After five months of hearings, the Mediator's appeal trial ended Thursday, June 8 in Paris, after a final day of pleadings during which representatives of the Servier laboratory and its lawyers repeated that it had acted " in good faith ".
"We never wanted to deceive anyone," hammered the group's representative, Isabelle Tupinon-Mathieu, for her last words on the stand, assuring the victims of her "deepest regrets".
"I didn't understand fast enough," then lamented the group's former number two, Jean-Philippe Seta, his voice charged with emotion. “I want to repeat to the victims and their families (…) that there was never the will, the intentionality” to conceal the dangers of the Mediator, he added. The group's lawyers had previously pleaded for release, claiming that the laboratory would never have "knowingly marketed a dangerous drug in full knowledge of the facts". The decision will be made on December 20.
Marketed in 1976 as an adjunct to antidiabetic treatments, but often improperly prescribed as an appetite suppressant until it was banned in 2009, the Mediator has caused serious cardiovascular effects in thousands of patients. He is held responsible for hundreds of deaths. At first instance, in March 2021, the second French pharmaceutical company was fined 2.7 million euros.
The criminal court had found him guilty of "aggravated deception" and "manslaughter and involuntary injury", but had acquitted him of the offense of fraud and declared prescribed that of "undue obtaining of marketing authorization. market ".
Last week, the public prosecutor's office claimed against Servier the payment of nearly 200 million euros: a fine of 13.5 million euros and the "confiscation of the profit" linked to the drug, i.e. up to 182 million euros. euros according to his calculations.
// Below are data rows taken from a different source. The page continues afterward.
lemma no_triangle: "E a b \<Longrightarrow> E b c \<Longrightarrow> E a c \<Longrightarrow> False"
proof -
  assume adj: "E a b" "E b c" "E a c"
  have "is_cycle V E [a, b, c]"
    unfolding is_cycle_def
  proof (intro conjI allI impI)
    fix i assume "i < length [a, b, c]"
    then have "i = 0 \<or> i = 1 \<or> i = 2" by auto
    then show "E ([a, b, c] ! i) ([a, b, c] ! ((i + 1) mod length [a, b, c]))"
      using adj adj_sym by auto
  qed (use adj adj_irrefl adj_in_V in auto)
  then show False using cycle_length_ge_5 by fastforce
qed

lemma no_4_cycle:
  "u \<noteq> v \<Longrightarrow> w \<noteq> w' \<Longrightarrow> E u w \<Longrightarrow> E w v \<Longrightarrow> E u w' \<Longrightarrow> E w' v \<Longrightarrow> False"
proof -
  assume ne: "u \<noteq> v" "w \<noteq> w'" and adj: "E u w" "E w v" "E u w'" "E w' v"
  have "is_cycle V E [u, w, v, w']"
    unfolding is_cycle_def
  proof (intro conjI allI impI)
    fix i assume "i < length [u, w, v, w']"
    then have "i = 0 \<or> i = 1 \<or> i = 2 \<or> i = 3" by auto
    then show "E ([u, w, v, w'] ! i) ([u, w, v, w'] ! ((i + 1) mod length [u, w, v, w']))"
      using adj adj_sym by auto
  qed (use ne adj adj_irrefl adj_in_V in auto)
  then show False using cycle_length_ge_5 by fastforce
qed

end

locale rooted_girth5_graph = girth5_regular_graph +
  fixes x :: 'a
  assumes root_in_V: "x \<in> V"
begin

definition N :: "'a set" where "N = nbhd V E x"

definition S :: "'a set" where "S = S2 V E x"

definition parent :: "'a \<Rightarrow> 'a" where "parent u = (THE y. y \<in> N \<and> E y u)"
François De Castro, one of Servier's lawyers, castigated a "severity (...) totally out of step with the reality of the case", accusing the prosecution of a "misunderstanding" of the latter.
On Wednesday, her colleague Nathalie Carrère said she was "shocked" by the words "of rare violence" from the public prosecutor. She had regretted a search for "sensationalism" in the use of the word "poisoning" - criminal qualification - and the designation of laboratories as "executioners".
Throughout the trial, Servier has admitted to having made "an error in assessing the risk" related to the Mediator, but denies any "concealment" and any "intentional element", necessary to characterize deception. "There has never been a conscience to expose patients to a risk", assured Wednesday Etienne Kowalski, another lawyer of the group.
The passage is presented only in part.